Susan Moore racial composition
| Race | Num. | Perc. |
|---|---|---|
| White (non-Hispanic) | 615 | 78.14% |
| Black or African American (non-Hispanic) | 6 | 0.76% |
| Native American | 3 | 0.38% |
| Other/Mixed | 23 | 2.92% |
| Hispanic or Latino | 140 | 17.79% |

As of the 2020 United States census, there were 787 people, 317 households, and 232 families residing in the town.

===2000 census===
As of the census of 2000, there were 721 people, 268 households, and 210 families residing in the town. The population density was 137.6 PD/sqmi. There were 304 housing units at an average density of 58.0 /sqmi. The racial makeup of the town was 93.48% White, 0.14% Black or African American, 0.83% Native American, 0.14% Asian, 5.41% from other races. 5.96% of the population were Hispanic or Latino of any race.

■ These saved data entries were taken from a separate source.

lemma gdist_co_cycle_adj:
  assumes "n \<ge> 5" "x < n" "y < n"
  shows "gdist (co_cycle_adj n) x y = (if x = y then 0 else if cycle_adj n x y then 2 else 1)"
proof -
  consider "x = y" | "x \<noteq> y" "cycle_adj n x y" | "x \<noteq> y" "\<not> cycle_adj n x y" by blast
  then show ?thesis
  proof cases
    case 2
    obtain z where "co_cycle_adj n x z" "co_cycle_adj n z y"
      using co_cycle_adj_common_neighbour[OF assms(1) 2(2)] .
    moreover have "\<not> co_cycle_adj n x y" using 2(2) by (simp add: co_cycle_adj_def)
    ultimately show ?thesis using 2 by (simp add: gdist_eq_2)
  next
    case 3
    with assms(2,3) show ?thesis by (simp add: gdist_eq_1 co_cycle_adj_def)
  qed (simp add: gdist_self)
qed

lemma delta_pair_co_cycle_adj:
  assumes "n \<ge> 5" "f permutes {..<n}" "x < n" "y < n" "x \<noteq> y"
  shows "delta_pair (co_cycle_adj n) f x y = of_bool (cycle_adj n x y \<noteq> cycle_adj n (f x) (f y))"
proof -
  have "f x < n" "f y < n"
    using permutes_in_image[OF assms(2), of x] permutes_in_image[OF assms(2), of y] assms(3,4) by auto
  moreover have "f x \<noteq> f y" using permutes_inj[OF assms(2)] assms(5) by (auto dest: injD)
  ultimately show ?thesis
    using assms by (simp add: delta_pair_def gdist_co_cycle_adj)
qed

lemma delta_total_co_cycle_adj:
  assumes "n \<ge> 5" "f permutes {..<n}"
  shows "delta_total {..<n} (co_cycle_adj n) f = card (changed_pairs {..<n} (cycle_adj n) f)"
proof -
  let ?S = "{(x, y). x \<in> {..<n} \<and> y \<in> {..<n} \<and> x < y}"
  have "finite ?S" by (rule finite_subset[of _ "{..<n} \<times> {..<n}"]) auto
  have "delta_total {..<n} (co_cycle_adj n) f =
      (\<Sum>(x, y) \<in> ?S. of_bool (cycle_adj n x y \<noteq> cycle_adj n (f x) (f y)))"
    unfolding delta_total_def
    by (rule sum.cong) (auto simp: delta_pair_co_cycle_adj[OF assms])
  also have "\<dots> = card (changed_pairs {..<n} (cycle_adj n) f)"
    using \<open>finite ?S\<close> by (simp add: split_def changed_pairs_def Int_def conj_commute)
  finally show ?thesis .
qed

lemma changed_pairs_cycle_adj_transpose:
  assumes "n \<ge> 4"
  shows "changed_pairs {..<n} (cycle_adj n) (transpose 0 1) = {(1, 2), (0, 2), (0, n - 1), (1, n - 1)}"
    (is "_ = ?S")
proof -
  have n: "n \<ge> 2" using assms by simp
  have changed: "cycle_adj n x y \<noteq> cycle_adj n (transpose 0 1 x) (transpose 0 1 y) \<longleftrightarrow> (x, y) \<in> ?S"
    if "x < y" "y < n" for x y
  proof -
    have "transpose 0 1 x < n" "transpose 0 1 y < n"
      using assms that by (auto simp: transpose_def)
    with assms that show ?thesis
      unfolding cycle_adj_iff[OF n] transpose_def
      by (cases "x = 0"; cases "x = 1"; cases "y = 1"; cases "y = 2") auto
  qed
  show ?thesis
  proof (intro set_eqI iffI)
    fix p assume "p \<in> changed_pairs {..<n} (cycle_adj n) (transpose 0 1)"
    then obtain x y where "p = (x, y)" "x < y" "y < n"
        "cycle_adj n x y \<noteq> cycle_adj n (transpose 0 1 x) (transpose 0 1 y)"
      unfolding changed_pairs_def by blast
    with changed show "p \<in> ?S" by blast
  next
    fix p assume "p \<in> ?S"
    moreover from this obtain x y where "p = (x, y)" "x < y" "y < n"
      using assms by auto
    ultimately show "p \<in> changed_pairs {..<n} (cycle_adj n) (transpose 0 1)"
      using changed unfolding changed_pairs_def by auto
  qed
qed
(*
  A Gaussian whose mean follows the flow m' = f m and whose variance solves the Lyapunov
  equation V' = 2 f V + g^2 solves the forward (Fokker-Planck) equation with its normalisation
  (2 pi V)^(-d/2); with V' = 2 f V - g^2 it solves the backward equation once the prefactor is
  allowed to vary in time. The means alpha_t a, alphabar_t b and the variances
  alpha_t^2 (sigma^2 + sigma_t^2), alpha_t^2 (sigma^2 + sigmabar_t^2) of Psihat and Psi satisfy
  exactly these ODEs. At t = 0 and t = 1 the product of the two Gaussians is Gaussian with
  precision the sum of the precisions: sigma^2 is the positive root of
  sigma^2 (sigma^2 + sigma_1^2) = eps^2 (2 sigma^2 + sigma_1^2), i.e.
  1/eps^2 = 1/sigma^2 + 1/(sigma^2 + sigma_1^2), and a, b are placed so that the product has
  mean x0 resp. x1. Since sigma^2 -> 0 as eps -> 0, also a -> x0 and b -> x1.
*)

theory Submission
  imports Defs
begin

section \<open>Spatial derivatives of Gaussian kernels\<close>

definition gauss_kernel :: "real \<Rightarrow> real^'n \<Rightarrow> real \<Rightarrow> real^'n \<Rightarrow> real" where
  "gauss_kernel K m v x = K * exp (- (norm (x - m))\<^sup>2 / (2 * v))"

lemma gauss_eq_gauss_kernel:
  "gauss m v = gauss_kernel ((2 * pi * v) powr (- real CARD('n) / 2)) (m :: real^'n) v"
  by (simp add: fun_eq_iff gauss_def gauss_kernel_def)

lemma gauss_kernel_along_axis:
  "gauss_kernel K m v (x + h *\<^sub>R axis i 1) =
     K * exp (- ((norm (x - m))\<^sup>2 + 2 * h * (x - m) $ i + h\<^sup>2) / (2 * v))"
proof -
  have "x + h *\<^sub>R axis i 1 - m = (x - m) + h *\<^sub>R axis i 1" by simp
  then have "(norm (x + h *\<^sub>R axis i 1 - m))\<^sup>2 = (norm (x - m))\<^sup>2 + 2 * h * (x - m) $ i + h\<^sup>2"
    by (simp only: power2_norm_eq_inner inner_add_left inner_add_right inner_scaleR_left
        inner_scaleR_right inner_axis inner_axis' inner_axis_axis) (simp add: power2_eq_square algebra_simps)
  then show ?thesis by (simp add: gauss_kernel_def)
qed

lemma gauss_kernel_axis_has_derivative:
  assumes "v \<noteq> 0"
  shows "((\<lambda>h. gauss_kernel K m v (x + h *\<^sub>R axis i 1)) has_real_derivative
           - gauss_kernel K m v x * (x - m) $ i / v) (at 0)"
  unfolding gauss_kernel_along_axis using assms
  by (auto intro!: derivative_eq_intros simp: gauss_kernel_def field_simps)

lemma pd_gauss_kernel:
  assumes "v \<noteq> 0"
  shows "pd (gauss_kernel K m v) i = (\<lambda>y. - gauss_kernel K m v y * (y - m) $ i / v)"
  unfolding pd_def fun_eq_iff by (blast intro: DERIV_imp_deriv gauss_kernel_axis_has_derivative[OF assms])

lemma pd_gauss_kernel_axis_has_derivative:
  assumes "v \<noteq> 0"
  shows "((\<lambda>h. pd (gauss_kernel K m v) i (x + h *\<^sub>R axis i 1)) has_real_derivative
           gauss_kernel K m v x * (((x - m) $ i)\<^sup>2 / v\<^sup>2 - 1 / v)) (at 0)"
  unfolding pd_gauss_kernel[OF assms] gauss_kernel_along_axis using assms
  by (auto intro!: derivative_eq_intros simp: gauss_kernel_def axis_def field_simps power2_eq_square)

lemma gauss_kernel_flux_axis_has_derivative:
  assumes "v \<noteq> 0"
  shows "((\<lambda>h. gauss_kernel K m v (x + h *\<^sub>R axis i 1) * (c * (x + h *\<^sub>R axis i 1) $ i))
           has_real_derivative gauss_kernel K m v x * c * (1 - (x - m) $ i * x $ i / v)) (at 0)"
  unfolding gauss_kernel_along_axis using assms
  by (auto intro!: derivative_eq_intros simp: gauss_kernel_def axis_def field_simps power2_eq_square)

lemma pd_pd_gauss_kernel:
  assumes "v \<noteq> 0"
  shows "pd (pd (gauss_kernel K m v) i) i x = gauss_kernel K m v x * (((x - m) $ i)\<^sup>2 / v\<^sup>2 - 1 / v)"
  unfolding pd_def[of "pd (gauss_kernel K m v) i"]
  by (rule DERIV_imp_deriv[OF pd_gauss_kernel_axis_has_derivative[OF assms]])

lemma pd_flux_gauss_kernel:
  assumes "v \<noteq> 0"
  shows "pd (\<lambda>y. gauss_kernel K m v y * (c * y $ i)) i x = gauss_kernel K m v x * c * (1 - (x - m) $ i * x $ i / v)"
  unfolding pd_def by (rule DERIV_imp_deriv[OF gauss_kernel_flux_axis_has_derivative[OF assms]])

lemma twice_pdiff_gauss_kernel:
  assumes "v \<noteq> 0"
  shows "twice_pdiff (gauss_kernel K m v) x"
  unfolding twice_pdiff_def real_differentiable_def
  using gauss_kernel_axis_has_derivative[OF assms] pd_gauss_kernel_axis_has_derivative[OF assms] by blast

There were 268 households, out of which 36.9% had children under the age of 18 living with them, 68.3% were married couples living together, 6.7% had a female householder with no husband present, and 21.3% were non-families. 19.8% of all households were made up of individuals, and 11.6% had someone living alone who was 65 years of age or older. The average household size was 2.69 and the average family size was 3.07.

In the town, the age distribution of the population shows 26.2% under the age of 18, 10.1% from 18 to 24, 28.8% from 25 to 44, 23.0% from 45 to 64, and 11.8% who were 65 years of age or older. The median age was 34 years. For every 100 females, there were 93.3 males. For every 100 females age 18 and over, there were 90.7 males.

The median income for a household in the town was $35,417, and the median income for a family was $44,167. Males had a median income of $32,431 versus $19,688 for females. The per capita income for the town was $14,540. About 10.3% of families and 10.9% of the population were below the poverty line, including 7.8% of those under age 18 and 28.9% of those age 65 or over.